What the exercise asks: The answer must consist of every line in the data that contains "definition".

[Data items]
┄┄┄┄┄┄

(* Let $\mathbb X_S\subset\mathbb X$ be a quasi-Banach space and $\mathbb X_L$ a Banach space with continuous embeddings $\mathbb X_S\subset\mathbb X_L\subset\mathbb X_A$, and let $e\in(0,1)$. For $\varrho>0$ let $K^\varrho_{\mathbb X_S}:=\{x\in\mathbb X_S:\|x\|_{\mathbb X_S}\le\varrho\}$. The following are equivalent: (i) there is a continuous embedding $(\mathbb X_A,\mathbb X_S)_{e,1}\subset\mathbb X_L$; (ii) there is $c>0$ with $\Omega(\delta,K^\varrho_{\mathbb X_S})\le c\varrho^e\delta^{1-e}$ for all $\delta,\varrho>0$.
   Context: $\mathbb X$, $\mathbb X_A$ real Banach spaces with a continuous dense embedding $\mathbb X\subset\mathbb X_A$; $\mathbb Y$ real Hilbert space; $A:\mathbb X_A\to\mathbb Y$ bounded linear with $\frac1M\|x\|_{\mathbb X_A}\le\|Ax\|_{\mathbb Y}\le M\|x\|_{\mathbb X_A}$ for all $x\in\mathbb X_A$ ($M\ge1$). Loss: $L(x_1,x_2):=\|x_1-x_2\|_{\mathbb X_L}$ if $x_1-x_2\in\mathbb X_L$ and $\infty$ otherwise. Modulus of continuity: $\Omega(\delta,K):=\sup\{L(x_1,x_2):x_1,x_2\in K,\ \|Ax_1-Ax_2\|_{\mathbb Y}\le\delta\}$. Real interpolation: $K(x,t):=\inf_{z\in\mathbb X_S}(\|x-z\|_{\mathbb X_A}+t\|z\|_{\mathbb X_S})$, and $(\mathbb X_A,\mathbb X_S)_{e,1}:=\{x\in\mathbb X_A:\int_0^\infty t^{-e}K(x,t)\frac{dt}t<\infty\}$ with that integral as quasi-norm. *)

theory Defs
  imports "HOL-Analysis.Analysis"
begin

text \<open>Subspaces of the ambient Banach space X_A (modelled as a type 'a :: banach)
  carrying their own (quasi-)norms.\<close>

definition quasi_normed_subspace :: "'a::real_vector set \<Rightarrow> ('a \<Rightarrow> real) \<Rightarrow> bool" where
  "quasi_normed_subspace S q \<longleftrightarrow>
     subspace S \<and>
     (\<forall>x\<in>S. 0 \<le> q x) \<and>
     (\<forall>x\<in>S. q x = 0 \<longleftrightarrow> x = 0) \<and>
     (\<forall>c. \<forall>x\<in>S. q (c *\<^sub>R x) = \<bar>c\<bar> * q x) \<and>
     (\<exists>C\<ge>1. \<forall>x\<in>S. \<forall>y\<in>S. q (x + y) \<le> C * (q x + q y))"

definition normed_subspace :: "'a::real_vector set \<Rightarrow> ('a \<Rightarrow> real) \<Rightarrow> bool" where
  "normed_subspace S n \<longleftrightarrow>
     subspace S \<and>
     (\<forall>x\<in>S. 0 \<le> n x) \<and>
     (\<forall>x\<in>S. n x = 0 \<longleftrightarrow> x = 0) \<and>
     (\<forall>c. \<forall>x\<in>S. n (c *\<^sub>R x) = \<bar>c\<bar> * n x) \<and>
     (\<forall>x\<in>S. \<forall>y\<in>S. n (x + y) \<le> n x + n y)"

┄┄┄┄┄┄

Task output:
definition quasi_normed_subspace :: "'a::real_vector set \<Rightarrow> ('a \<Rightarrow> real) \<Rightarrow> bool" where
definition normed_subspace :: "'a::real_vector set \<Rightarrow> ('a \<Rightarrow> real) \<Rightarrow> bool" where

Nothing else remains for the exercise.